Un terzo trend che vediamo è l’utilizzo di OpenStack da parte di chi offre servizi di public cloud (cloud service provider, CSP). Visto il successo generale, service provider nuovi e già presenti sul mercato stanno integrando OpenStack, quando non passano direttamente alla nuova piattaforma. Anche qui, Red Hat ha registrato feedback molto positivi. Ad esempio, Dualtec ha creato la prima offerta di first public cloud in Brasile (Story & Video).
– OpenStack sta erodendo fette di mercato ad altri competitor, anche in Italia. Qual è il quadro complessivo per il nostro Paese? Quali evoluzioni vi aspettate entro il prossimo anno?
Come in molti altri Paesi, anche in Italia di OpenStack parlano soprattutto i provider tecnologici e di telecomunicazioni.
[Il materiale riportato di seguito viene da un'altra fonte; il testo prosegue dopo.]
(* If $\phi^{\alpha_1\cdots\alpha_n}\in\mathcal F$, then $\dfrac{\partial\phi^{\alpha_1\cdots\alpha_n}}{\partial\mu_\beta}\in\mathcal F$.
   Context: Work in 4-dimensional Minkowski space with metric $g_{\alpha\beta}$ of signature $(-,+,+,+)$; indices are raised and lowered with $g$ and repeated indices are summed. $\lambda$ is a real scalar, $\mu_\beta$ is a time-like covector and $\gamma=\sqrt{-\mu^\alpha\mu_\alpha}>0$. The family $\mathcal F$ consists of the (smooth) Lorentz-covariant (isotropic) tensor-valued functions $\phi^{\alpha_1\cdots\alpha_n}(\lambda,\mu_\beta)$ which are totally symmetric in their indices and whose derivative $\partial\phi^{\alpha_1\cdots\alpha_n}/\partial\mu_\beta$ is totally symmetric in $\alpha_1,\dots,\alpha_n,\beta$. *)

theory Defs
  imports "HOL-Analysis.Analysis"
begin

text \<open>Minkowski space: indices range over the 4-element type 4, index 0 is the time index.
  Metric g = diag(-1,1,1,1) (its inverse has the same components).\<close>

definition mg :: "4 \<Rightarrow> 4 \<Rightarrow> real" where
  "mg a b = (if a = b then (if a = 0 then -1 else 1) else 0)"

definition mmat :: "real^4^4" where
  "mmat = (\<chi> a b. mg a b)"

definition msq :: "real^4 \<Rightarrow> real" where
  "msq m = (\<Sum>a\<in>UNIV. \<Sum>b\<in>UNIV. mg a b * m $ a * m $ b)"

definition timelike :: "(real^4) set" where
  "timelike = {m. msq m < 0}"

text \<open>Lorentz transformations Lambda^alpha_beta = L $ alpha $ beta:
  Lambda^alpha_gamma g_alpha beta Lambda^beta_delta = g_gamma delta.\<close>
definition lorentz :: "real^4^4 \<Rightarrow> bool" where
  "lorentz L \<longleftrightarrow> transpose L ** mmat ** L = mmat"

definition cov_transform :: "real^4^4 \<Rightarrow> real^4 \<Rightarrow> real^4" where
  "cov_transform L m = (mmat ** L ** mmat) *v m"

fun Ck_on :: "nat \<Rightarrow> 'a::euclidean_space set \<Rightarrow> ('a \<Rightarrow> real) \<Rightarrow> bool" where
  "Ck_on 0 S f = continuous_on S f"
| "Ck_on (Suc k) S f = (f differentiable_on S \<and>
      (\<forall>v. Ck_on k S (\<lambda>x. frechet_derivative f (at x) v)))"

definition smooth_on :: "'a::euclidean_space set \<Rightarrow> ('a \<Rightarrow> real) \<Rightarrow> bool" where
  "smooth_on S f \<longleftrightarrow> (\<forall>k. Ck_on k S f)"

text \<open>A tensor-valued function phi^{alpha_1...alpha_n}(lambda, mu): the component with upper
  indices alpha_1..alpha_n is  phi lam mu [alpha_1,...,alpha_n]  (index lists of length n).\<close>
type_synonym tfun = "real \<Rightarrow> real^4 \<Rightarrow> 4 list \<Rightarrow> real"

definition pd_mu :: "tfun \<Rightarrow> 4 list \<Rightarrow> 4 \<Rightarrow> real \<Rightarrow> real^4 \<Rightarrow> real" where
  "pd_mu phi is b l m = deriv (\<lambda>t. phi l (m + t *\<^sub>R axis b 1) is) 0"

text \<open>The derivative tensor d phi^{alpha_1..alpha_n}/d mu_beta, with index list
  [alpha_1,...,alpha_n,beta] (the new index beta is the last one).\<close>
definition dmu :: "tfun \<Rightarrow> tfun" where
  "dmu phi l m js = (if js = [] then 0 else pd_mu phi (butlast js) (last js) l m)"

definition tsym :: "nat \<Rightarrow> tfun \<Rightarrow> bool" where
  "tsym n phi \<longleftrightarrow> (\<forall>l. \<forall>m\<in>timelike. \<forall>is js. length is = n \<longrightarrow> mset js = mset is \<longrightarrow>
      phi l m js = phi l m is)"

definition lorentz_cov :: "nat \<Rightarrow> tfun \<Rightarrow> bool" where
  "lorentz_cov n phi \<longleftrightarrow> (\<forall>L l m is. lorentz L \<longrightarrow> m \<in> timelike \<longrightarrow> length is = n \<longrightarrow>
      phi l (cov_transform L m) is =
        (\<Sum>js\<in>{js. length js = n}. (\<Prod>k<n. L $ (is ! k) $ (js ! k)) * phi l m js))"

definition famF :: "nat \<Rightarrow> tfun \<Rightarrow> bool" where
  "famF n phi \<longleftrightarrow>
     (\<forall>is. length is = n \<longrightarrow> smooth_on (UNIV \<times> timelike) (\<lambda>(l, m). phi l m is)) \<and>
     lorentz_cov n phi \<and>
     tsym n phi \<and>
     tsym (Suc n) (dmu phi)"

end

theory Submission
  imports Defs
begin

text \<open>The components of \<open>\<partial>\<phi>/\<partial>\<mu>\<^sub>\<beta>\<close> are directional derivatives of
  smooth functions, hence smooth. Lorentz covariance follows by differentiating the covariance
  identity along the line \<open>\<mu> + t \<Lambda>\<^sub>c\<close> through the \<open>c\<close>-th row of \<open>\<Lambda>\<close>: its
  transform \<open>\<mu>' + t e\<^sub>c\<close> runs along the \<open>c\<close>-th coordinate axis, so the chain rule
  contributes exactly one more factor \<open>\<Lambda>\<close>. Finally, the second derivative tensor is
  symmetric in its first \<open>n + 1\<close> indices because \<open>\<partial>\<phi>/\<partial>\<mu>\<close> is, and in its last
  two by Schwarz's theorem; these two kinds of permutations generate all of them.\<close>

lemma Ck_on_Suc_has_derivative:
  assumes "open S" "Ck_on (Suc k) S f" "x \<in> S"
  shows "(f has_derivative frechet_derivative f (at x)) (at x)"
  using assms by (auto simp: differentiable_on_eq_differentiable_at frechet_derivative_works)

lemma Ck_on_cong:
  assumes "open S" "\<And>x. x \<in> S \<Longrightarrow> f x = g x"
  shows "Ck_on k S f = Ck_on k S g"
  using assms(2)
proof (induction k arbitrary: f g)
  case 0
  then show ?case by (simp cong: continuous_on_cong)
next
  case (Suc k)
  have has_derivative_iff: "(f has_derivative D) (at x) \<longleftrightarrow> (g has_derivative D) (at x)"
    if "x \<in> S" for x D
    using has_derivative_transform_within_open[OF _ assms(1) that] Suc.prems by metis
  then have "f differentiable_on S \<longleftrightarrow> g differentiable_on S"
    unfolding differentiable_on_eq_differentiable_at[OF assms(1)] differentiable_def by blast
  moreover have "frechet_derivative f (at x) = frechet_derivative g (at x)" if "x \<in> S" for x
    unfolding frechet_derivative_def using has_derivative_iff[OF that] by simp
  then have "Ck_on k S (\<lambda>x. frechet_derivative f (at x) v) =
      Ck_on k S (\<lambda>x. frechet_derivative g (at x) v)" for v
    by (intro Suc.IH) auto
  ultimately show ?case by simp
qed

lemma smooth_on_cong:
  assumes "open S" "\<And>x. x \<in> S \<Longrightarrow> f x = g x" "smooth_on S f"
  shows "smooth_on S g"
  using assms Ck_on_cong[OF assms(1,2)] by (simp add: smooth_on_def)

lemma smooth_on_frechet_derivative:
  assumes "smooth_on S f"
  shows "smooth_on S (\<lambda>x. frechet_derivative f (at x) v)"
  using assms Ck_on.simps(2) unfolding smooth_on_def by blast

lemma has_real_derivative_along_line:
  fixes f :: "'a::real_normed_vector \<Rightarrow> real"
  assumes "(f has_derivative D) (at (x + t *\<^sub>R v))"
  shows "((\<lambda>s. f (x + s *\<^sub>R v)) has_real_derivative D v) (at t)"
proof -
  have "((\<lambda>s. x + s *\<^sub>R v) has_derivative (\<lambda>s. s *\<^sub>R v)) (at t)"
    by (auto intro!: derivative_eq_intros)
  from has_derivative_compose[OF this assms]
  have "((\<lambda>s. f (x + s *\<^sub>R v)) has_derivative (\<lambda>s. D (s *\<^sub>R v))) (at t)" .
  moreover have "(\<lambda>s. D (s *\<^sub>R v)) = (\<lambda>s. D v * s)"
    using has_derivative_linear[OF assms] by (simp add: linear_scale mult.commute)
  ultimately show ?thesis by (simp add: has_field_derivative_def)
qed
Se NFV (Network Functions Virtualization) resta il caso d’uso più importante tra le società di telecomunicazioni, nel corso del 2015 abbiamo visto l’utilizzo in produzione di OpenStack anche da parte di un buon numero di fornitori di servizi cloud IaaS (Infrastructure as a Service) per B2B e B2C.
Il settore pubblico è un altro mercato chiave per OpenStack in Italia, dove le realtà che utilizzano le infrastrutture tradizionali di virtualizzazione dei server si stanno muovendo verso il cloud privato per ospitare workload momentanei e mission-critical.
Grazie alla crescente maturità di OpenStack, in particolare per i componenti considerati ” core”, e grazie al crescente sostegno da parte di tool gestione e automazione non direttamente legati a OpenStack, ci aspettiamo per il prossimo anno un’adozione ancor più significativa, con un prima penetrazione in settori verticali che, tradizionalmente, hanno cicli di adozione della tecnologia più lenti, come servizi finanziari e produzione manifatturiera.
– Quali sono i vantaggi di OpenStack a supporto della sempre crescente richiesta di agilità da parte delle imprese e del cosiddetto “Bimodal IT”?
Con il termine “Bimodal IT” si identifica sempre più spesso la realtà che molti clienti si trovano ad affrontare nei loro datacenter. Tipicamente in ambito enterprise, le aziende operano seguendo il cosiddetto ‘Mode 1’ – usando sistemi e ambienti virtuali tradizionali di tipo “scale up”, che richiedono zero (o minimi livelli) downtime, failover e assurance per singole applicazioni monolitiche. Man mano che le aziende crescono però, comprendono velocemente i vantaggi legati a un’architettura applicativa più agile, dinamica e distribuita – il cosiddetto ‘Mode 2’. OpenStack rientra in questa seconda categoria come piattaforma infrastrutturale cloud, fornendo un ambiente cloud automatizzato, dinamico ed enormemente scalabile per carichi di lavoro applicativo molto distribuiti. E, poiché OpenStack è progettato come un framework modulare incentrato sulle APO, offre ai clienti efficaci strumenti di installazione, orchestrazione delle operazioni quotidiane e gestione, attraverso tool interni o esterni. I clienti possono scegliere gli strumenti di management inclusi, o strumenti esterni ibridi, in grado di gestire sia le piattaforme Mode 1 che Mode 2, abbattendo i silos di dati e creando un set condiviso di opzioni di gestione, cosa che porta infine a un datacenter semplificato e più efficiente.